The integer $x_n$ expressed in base $2$ is a number $$ [x_n]_2=\underbrace{11...1}_{n}\underbrace{00...0}_{n} $$ with $n \geq 2$.
Calculate the sum of the binary digits of $x_n^3.$
I have no clue about this. How am I supposed to know anything about $x_n$? Any hints?
On
Since $x_n = 2^{2n}-2^n = (2^n-1)2^n$, we have $$x_n^3 = (2^n-1)^3 2^{3n} = 2^{6n} - 3\cdot 2^{5n} + 3\cdot 2^{4n} - 2^{3n}\\ = \underbrace{(2^n - 1 - 2)}_{n-1\text{ one}}2^{5n} + \underbrace{2^{4n+1}}_{1\text{ one}} + \underbrace{(2^n-1)}_{n\text{ one}}2^{3n} $$ When $n \ge 2$, the three group of set bits in above binary representation of $x_n^3$ doesn't overlap. This means the sum of binary digit of $x_n^3$ is $(n-1) + 1 + n = 2n$.

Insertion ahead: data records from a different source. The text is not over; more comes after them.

(* There exist constants $\alpha_0\in(0,1)$ and $c^-,c^+\in(0,\infty)$ such that, with $d_0(N)=\lfloor\alpha_0N/\log N\rfloor$, the following holds: for every nonempty $A\subset\mathcal S_N$ with $2^{|A|}\le d_0(N)$, every $\sigma\in\mathcal S_N\setminus A$ and every $\eta\in A$, $$\frac{1}{|A|}\Bigl(1-\frac{c^-}{(\log N)^2}\Bigr)\le \mathbb P\bigl(\tau^\sigma_\eta<\tau^\sigma_{A\setminus\{\eta\}}\bigr)\le\frac{1}{|A|}\Bigl(1+\frac{c^+}{(\log N)^2}\Bigr).$$
   Context: $\mathcal S_N=\{-1,1\}^N$. $(\sigma_N(t))_{t\in\mathbb N}$ is the discrete-time simple random walk on $\mathcal S_N$: from $\sigma$ it jumps to each of the $N$ points at Hamming distance $1$ with probability $1/N$. For $B\subset\mathcal S_N$, $\tau^\sigma_B=\inf\{t>0:\sigma_N(t)\in B\}$ for the walk started at $\sigma$, with $\tau^\sigma_\eta=\tau^\sigma_{\{\eta\}}$ and $\tau^\sigma_\emptyset=+\infty$. *)

theory Defs
  imports Complex_Main
begin

text \<open>The hypercube S_N = {-1,1}^N is encoded as Pow {..<N}: a configuration
  is identified with the set of coordinates equal to -1. Two configurations are at
  Hamming distance 1 iff their symmetric difference is a singleton.\<close>

definition cube :: "nat \<Rightarrow> nat set set" where
  "cube N = Pow {..<N}"

definition hamming :: "nat set \<Rightarrow> nat set \<Rightarrow> nat" where
  "hamming x y = card ((x - y) \<union> (y - x))"

definition trans_prob :: "nat \<Rightarrow> nat set \<Rightarrow> nat set \<Rightarrow> real" where
  "trans_prob N x y = (if hamming x y = 1 then 1 / real N else 0)"

text \<open>avoid_prob N B s n y = P(X_n = y and X_t \<notin> B for all 1 \<le> t \<le> n),
  for the walk started at X_0 = s.\<close>
fun avoid_prob :: "nat \<Rightarrow> nat set set \<Rightarrow> nat set \<Rightarrow> nat \<Rightarrow> nat set \<Rightarrow> real" where
  "avoid_prob N B s 0 y = (if y = s then 1 else 0)"
| "avoid_prob N B s (Suc n) y =
     (if y \<in> B then 0
      else (\<Sum>x\<in>cube N. avoid_prob N B s n x * trans_prob N x y))"

text \<open>first_hit_prob N B s e = P(tau^s_e < tau^s_B) for e \<notin> B, i.e.
  the sum over n of P(X_{n+1} = e and X_t \<notin> B \<union> {e} for 1 \<le> t \<le> n).\<close>
definition first_hit_prob :: "nat \<Rightarrow> nat set set \<Rightarrow> nat set \<Rightarrow> nat set \<Rightarrow> real" where
  "first_hit_prob N B s e =
     (\<Sum>n. \<Sum>x\<in>cube N. avoid_prob N (insert e B) s n x * trans_prob N x e)"

end

(*
  Write \<phi>(d) = radial_potential N d. Off a fixed vertex b the process \<phi>(dist(X_n, b)) - n is a
  martingale, so optional stopping at the hitting time \<tau> of a set A containing b gives
  \<Sum>_{a \<in> A} \<phi>(dist(a, b)) P(X_\<tau> = a) = E \<tau> + \<phi>(dist(\<sigma>, b)).
  Since \<phi>(0) \<ge> 2^N - 1 while 0 \<le> \<phi>(d) \<le> \<phi>(1) = O(2^N/N) for d \<ge> 1, this pins
  \<phi>(0) P(X_\<tau> = b) to E \<tau> up to \<phi>(1), for every b \<in> A. Summing over b shows that
  P(X_\<tau> = \<eta>) = 1/|A| + O(1/N), and the hypothesis on |A| gives |A| \<le> 2 log N, so that
  O(1/N) = O(1/(|A| log^2 N)).
*)
theory Submission
  imports Defs
begin

section \<open>The radial potential\<close>

definition binom_tail :: "nat \<Rightarrow> nat \<Rightarrow> real" where
  "binom_tail N d = (\<Sum>m\<in>{Suc d..N}. real (N choose m))"

definition radial_increment :: "nat \<Rightarrow> nat \<Rightarrow> real" where
  "radial_increment N d = binom_tail N d / real ((N - 1) choose d)"

text \<open>For \<open>d \<ge> 1\<close>, \<open>radial_potential N 0 - radial_potential N d\<close> is the mean time the walk
  needs to hit a fixed vertex from Hamming distance \<open>d\<close>; only the Poisson equation
  \<open>radial_potential_harmonic\<close> is used.\<close>
definition radial_potential :: "nat \<Rightarrow> nat \<Rightarrow> real" where
  "radial_potential N d = (\<Sum>i\<in>{d..<N}. radial_increment N i)"

lemma binom_tail_nonneg: "0 \<le> binom_tail N d"
  unfolding binom_tail_def by (auto intro: sum_nonneg)

lemma radial_increment_nonneg: "0 \<le> radial_increment N d"
  unfolding radial_increment_def using binom_tail_nonneg by simp

lemma radial_potential_nonneg: "0 \<le> radial_potential N d"
  unfolding radial_potential_def using radial_increment_nonneg by (auto intro: sum_nonneg)

lemma radial_potential_antimono: "d \<le> d' \<Longrightarrow> radial_potential N d' \<le> radial_potential N d"
  unfolding radial_potential_def by (rule sum_mono2) (auto simp: radial_increment_nonneg)

lemma radial_potential_Suc:
  "d < N \<Longrightarrow> radial_potential N d = radial_increment N d + radial_potential N (Suc d)"
  unfolding radial_potential_def by (simp add: sum.atLeast_Suc_lessThan)

lemma radial_potential_eq_0: "N \<le> d \<Longrightarrow> radial_potential N d = 0"
  unfolding radial_potential_def by simp

lemma binom_tail_pred:
  assumes "1 \<le> d" "d \<le> N"
  shows "binom_tail N (d - 1) = real (N choose d) + binom_tail N d"
proof -
  have "{Suc (d - 1)..N} = insert d {Suc d..N}" using assms by auto
  thus ?thesis unfolding binom_tail_def by simp
qed

lemma binom_tail_0: "binom_tail N 0 = 2 ^ N - 1"
proof -
  have "{..N} = insert 0 {Suc 0..N}" by auto
  hence "(\<Sum>m\<le>N. real (N choose m)) = 1 + binom_tail N 0" by (simp add: binom_tail_def)
  moreover have "(\<Sum>m\<le>N. real (N choose m)) = 2 ^ N"
    using choose_row_sum[of N] by (metis of_nat_numeral of_nat_power of_nat_sum)
  ultimately show ?thesis by simp
qed
(* Assume (A7) and (A8) of the context. Then for every $\delta\in\mathbb{R}^D$ with $\|\delta\|\le\|\theta^*\|$, with probability $1-\delta_{n_q}$, $\|\nabla^2_\theta\ell(\theta^*+\delta)\|\le 2C_{\mathrm{ratio}}D_{\max,2}$.
   Context: Let $E=\{(u,v):1\le v\le u\le m\}$, $D=b|E|$, $\psi:\mathbb{R}^2\to\mathbb{R}^b$, and $f:\mathbb{R}^m\to\mathbb{R}^D$ the concatenation of the blocks $f_t(x)=\psi(x_u,x_v)$, $t=(u,v)\in E$; $f_S$ is the subvector of blocks in $S\subseteq E$. $P,Q$ are distributions on $\mathbb{R}^m$ with densities $p,q$; samples $x_p^{(1..n_p)}$ i.i.d. $P$ and $x_q^{(1..n_q)}$ i.i.d. $Q$. $r(x;\theta)=\exp(\theta^\top f(x))/N(\theta)$, $N(\theta)=\mathbb{E}_Q[\exp(\theta^\top f(x))]$; $\hat N(\theta)=\frac1{n_q}\sum_i\exp(\theta^\top f(x_q^{(i)}))$; $\hat r(x;\theta)=\exp(\theta^\top f(x))/\hat N(\theta)$; $\ell(\theta)=-\frac1{n_p}\sum_i\theta^\top f(x_p^{(i)})+\log\hat N(\theta)$. $\theta^*$ is the true parameter ($p=q\,r(\cdot;\theta^* )$), $S=\{t:\theta^*_t\neq0\}$. $\|\cdot\|$: Euclidean norm on vectors, spectral norm on matrices; $\Lambda_{\min}$ smallest eigenvalue. (A7) For all $\delta$ with $\|\delta\|\le\|\theta^*\|$ and all $x$: $0<C_{\min}\le r(x;\theta^*+\delta)\le C_{\max}<\infty$; moreover $\frac1{C_{\mathrm{ratio}}}\le\hat r(x;\theta^*+\delta)\le C_{\mathrm{ratio}}$ and $\|f_t(x)\|\le C_{f_t,\max}$ for constants. (A8) With probability 1: $\max_{t\in E}\frac1{n_q}\sum_i\|f_t(x_q^{(i)})\|\le D_{\max,1}<\infty$, $\|\frac1{n_q}\sum_if(x_q^{(i)})f(x_q^{(i)})^\top\|\le D_{\max,2}$ and $\|\widehat{\mathrm{Cov}}_q[f]\|\le D_{\max,2}<\infty$; with probability $1-\delta_{n_q}$, $\Lambda_{\min}(\widehat{\mathrm{Cov}}_q[f_S])\ge D_{\min,2}>0$; $\widehat{\mathrm{Cov}}_q$ is the sample covariance over the $Q$-sample. *)

theory Defs
  imports "HOL-Probability.Probability"
begin

definition Eset :: "('m::linorder \<times> 'm) set" where
  "Eset = {(u, v). v \<le> u}"

definition fblock :: "(real \<Rightarrow> real \<Rightarrow> real^'b) \<Rightarrow> ('m \<times> 'm) \<Rightarrow> real^'m \<Rightarrow> real^'b" where
  "fblock psi t x = psi (x $ fst t) (x $ snd t)"

text \<open>Concatenated feature map f : R^m \<rightarrow> R^D; coordinate d of R^D is the
  coordinate snd (idx d) of the block fst (idx d) (idx is a bijection onto E \<times> 'b).\<close>
definition feat :: "(real \<Rightarrow> real \<Rightarrow> real^'b) \<Rightarrow> ('d \<Rightarrow> ('m \<times> 'm) \<times> 'b) \<Rightarrow> real^'m \<Rightarrow> real^'d" where
  "feat psi idx x = (\<chi> d. fblock psi (fst (idx d)) x $ snd (idx d))"

definition Npop :: "('x measure) \<Rightarrow> ('x \<Rightarrow> real^'d) \<Rightarrow> real^'d \<Rightarrow> real" where
  "Npop Q f th = integral\<^sup>L Q (\<lambda>x. exp (th \<bullet> f x))"

definition rpop :: "('x measure) \<Rightarrow> ('x \<Rightarrow> real^'d) \<Rightarrow> real^'d \<Rightarrow> 'x \<Rightarrow> real" where
  "rpop Q f th x = exp (th \<bullet> f x) / Npop Q f th"

definition Nhat :: "('x \<Rightarrow> real^'d) \<Rightarrow> (nat \<Rightarrow> 'x) \<Rightarrow> nat \<Rightarrow> real^'d \<Rightarrow> real" where
  "Nhat f xs n th = (\<Sum>i<n. exp (th \<bullet> f (xs i))) / real n"

definition rhat :: "('x \<Rightarrow> real^'d) \<Rightarrow> (nat \<Rightarrow> 'x) \<Rightarrow> nat \<Rightarrow> real^'d \<Rightarrow> 'x \<Rightarrow> real" where
  "rhat f xs n th x = exp (th \<bullet> f x) / Nhat f xs n th"

definition ell :: "('x \<Rightarrow> real^'d) \<Rightarrow> (nat \<Rightarrow> 'x) \<Rightarrow> nat \<Rightarrow> (nat \<Rightarrow> 'x) \<Rightarrow> nat \<Rightarrow> real^'d \<Rightarrow> real" where
  "ell f xp np xq nq th = - (\<Sum>i<np. th \<bullet> f (xp i)) / real np + ln (Nhat f xq nq th)"

definition partial_deriv :: "(real^'d \<Rightarrow> real) \<Rightarrow> 'd \<Rightarrow> real^'d \<Rightarrow> real" where
  "partial_deriv g i th = deriv (\<lambda>t. g (th + t *\<^sub>R axis i 1)) 0"

definition hessian :: "(real^'d \<Rightarrow> real) \<Rightarrow> real^'d \<Rightarrow> real^'d^'d" where
  "hessian g th = (\<chi> i j. partial_deriv (\<lambda>eta. partial_deriv g j eta) i th)"

definition specnorm :: "real^'n^'n \<Rightarrow> real" where
  "specnorm A = onorm (\<lambda>x. A *v x)"

definition outer :: "real^'n \<Rightarrow> real^'n \<Rightarrow> real^'n^'n" where
  "outer u v = (\<chi> i j. u $ i * v $ j)"

definition smean :: "('x \<Rightarrow> real^'d) \<Rightarrow> (nat \<Rightarrow> 'x) \<Rightarrow> nat \<Rightarrow> real^'d" where
  "smean f xs n = (1 / real n) *\<^sub>R (\<Sum>k<n. f (xs k))"

definition smom :: "('x \<Rightarrow> real^'d) \<Rightarrow> (nat \<Rightarrow> 'x) \<Rightarrow> nat \<Rightarrow> real^'d^'d" where
  "smom f xs n = (1 / real n) *\<^sub>R (\<Sum>k<n. outer (f (xs k)) (f (xs k)))"

definition scov :: "('x \<Rightarrow> real^'d) \<Rightarrow> (nat \<Rightarrow> 'x) \<Rightarrow> nat \<Rightarrow> real^'d^'d" where
  "scov f xs n = (1 / real n) *\<^sub>R
     (\<Sum>k<n. outer (f (xs k) - smean f xs n) (f (xs k) - smean f xs n))"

You are supposed to recognize that the series of $1$s corresponds to $2^n-1$, so the whole number is $2^{2n}-2^n$. For this purpose the $0$s at the end do not matter so you can just work with $2^n-1$. You should be able to cube this and find a pattern in the $1$s in binary.